At present, there is no convincing evidence that vitamin and mineral supplements positively impact on progression of disease or death in people with HIV. No well-controlled studies have examined the relationship between supplements and disease in people with HIV. Universal recommendations for specific supplementation regimens in people with HIV are, therefore, based on speculation and uncontrolled anecdotes.
The presence of a vitamin or mineral deficiency does not imply that supplementation will correct it. Deficiencies may be caused by many factors, including some which may not respond to supplementation. HIV-induced metabolic changes or malabsorption can result in vitamin deficiency, although they will not respond to supplementation. Importantly, several studies demonstrated vitamin and mineral deficiencies in people with HIV although the subjects ate properly and, in some cases, even took supplements. Furthermore, correct vitamin and mineral doses are not been established to correct specific levels of deficiency.

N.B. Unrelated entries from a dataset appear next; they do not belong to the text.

(* Let $(M,J,\Theta)$ be a 3-dimensional pseudohermitian manifold with vanishing torsion and constant Webster scalar curvature $W$, and let $\Sigma\subset M$ be a surface. On any open set of nonsingular points of $\Sigma$ where $H_{cr}\neq0$, the function $\mathfrak f$ defined below satisfies $$|H_{cr}|\mathfrak f=e_1(H)H_{cr}+\tfrac32V(H_{cr})+\tfrac12He_1(H_{cr})-\alpha HH_{cr},$$ and the first-variation density $\mathcal E_1$ can be rewritten as $$\mathcal E_1=|H_{cr}|^{-1/2}\Big\{-\tfrac14\operatorname{sign}(H_{cr})\,\mathfrak f\,e_1(H_{cr})+\tfrac12e_1(|H_{cr}|\mathfrak f)+\tfrac32|H_{cr}|\mathfrak f\alpha+H_{cr}\big[\tfrac92V(\alpha)+3HH_{cr}-\tfrac16H^3\big]\Big\}.$$
   Context: $\xi=\ker\Theta$, $T$ the Reeb field. At nonsingular points of $\Sigma$ ($T\Sigma\neq\xi$), $e_1$ is a unit vector (w.r.t. $\frac12d\Theta(\cdot,J\cdot)$) spanning $T\Sigma\cap\xi$, $e_2=Je_1$, $\alpha$ is the deviation function defined by $V:=T+\alpha e_2\in T\Sigma$, and $H$ is the $p$-mean curvature. Define $H_{cr}:=e_1(\alpha)+\frac12\alpha^2+\frac16H^2+\frac14W$ and $$\mathfrak f:=|H_{cr}|^{-1}\Big\{e_1(H)\big(e_1(\alpha)+\tfrac12\alpha^2+\tfrac13H^2+\tfrac14W\big)+HV(H)+\tfrac32V\big(e_1(\alpha)+\tfrac12\alpha^2\big)-\tfrac72\alpha He_1(\alpha)-\tfrac52\alpha^3H-\tfrac23\alpha H^3-\tfrac54\alpha HW\Big\},$$ $$\mathcal E_1:=\tfrac12e_1(|H_{cr}|^{1/2}\mathfrak f)+\tfrac32|H_{cr}|^{1/2}\alpha\mathfrak f+\tfrac12\operatorname{sign}(H_{cr})|H_{cr}|^{1/2}\{9V(\alpha)+6HH_{cr}-\tfrac13H^3\}.$$ In such a manifold the Codazzi-like equation $e_1e_1(\alpha)=-6\alpha e_1(\alpha)+V(H)-\alpha H^2-4\alpha^3-2W\alpha$ holds. *)

theory Defs
  imports "HOL-Analysis.Analysis"
begin

text \<open>Local model: a chart U (open subset of R^2) of the set of nonsingular points of
the surface Sigma. Functions on Sigma are functions real*real => real, tangent vector
fields are maps real*real => real*real, and X(g) is the derivative of g along X.\<close>

definition vder :: "(real \<times> real \<Rightarrow> real \<times> real) \<Rightarrow> (real \<times> real \<Rightarrow> real) \<Rightarrow> real \<times> real \<Rightarrow> real" where
  "vder X g p = frechet_derivative g (at p) (X p)"

fun Ck :: "nat \<Rightarrow> (real \<times> real) set \<Rightarrow> (real \<times> real \<Rightarrow> real) \<Rightarrow> bool" where
  "Ck 0 U g = continuous_on U g"
| "Ck (Suc k) U g = (continuous_on U g \<and> (\<forall>x\<in>U. g differentiable (at x)) \<and>
      (\<forall>v. Ck k U (\<lambda>x. frechet_derivative g (at x) v)))"

definition smooth_fun :: "(real \<times> real) set \<Rightarrow> (real \<times> real \<Rightarrow> real) \<Rightarrow> bool" where
  "smooth_fun U g \<longleftrightarrow> (\<forall>k. Ck k U g)"

definition smooth_vf :: "(real \<times> real) set \<Rightarrow> (real \<times> real \<Rightarrow> real \<times> real) \<Rightarrow> bool" where
  "smooth_vf U X \<longleftrightarrow> smooth_fun U (\<lambda>p. fst (X p)) \<and> smooth_fun U (\<lambda>p. snd (X p))"

definition Hcr :: "(real \<times> real \<Rightarrow> real \<times> real) \<Rightarrow> (real \<times> real \<Rightarrow> real) \<Rightarrow> (real \<times> real \<Rightarrow> real)
   \<Rightarrow> real \<Rightarrow> real \<times> real \<Rightarrow> real" where
  "Hcr e1 \<alpha> H W p = vder e1 \<alpha> p + \<alpha> p ^ 2 / 2 + H p ^ 2 / 6 + W / 4"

Beneficial claims are frequently for very large doses of vitamins ("mega-dosing"), often hundreds or thousand times higher than nutritionally required levels. Using vitamins in this manner is more similar to drug therapy than nutrition, and should be considered in pharmacological terms. Some "mega-doses" of vitamins may have legitimate pharmacologic uses, although none have been demonstrated for HIV disease. Certain vitamins, like Vitamin A and Vitamin D, produce very serious toxicities not far above their nutritionally required levels. Other vitamins, like Vitamin E, appear to have no upper limits for safe consumption. See Table II.
Vitamin A (and beta-Carotene -- a pro-vitamin that is converted into vitamin A by the body), first discovered in 1915, is found in both animal and plant products. Vitamin A has a role in many physiological functions, including reproduction, skin, vision, the immune system, and bone. Vitamin A deficiency can cause numerous non-specific signs, although nyctalopia and xerophthalmia (two diseases of the eye) are the best described syndromes. Vitamin A deficiency is considered extremely rare in the developed world because many common foods, including margarine, are fortified with the vitamin, and because the body can store Vitamin A successfully in the liver and intestine for long periods of time, compensating for periodic deficiencies. Diseases associated with vitamin A deficiency occur only after prolonged periods of deprivation.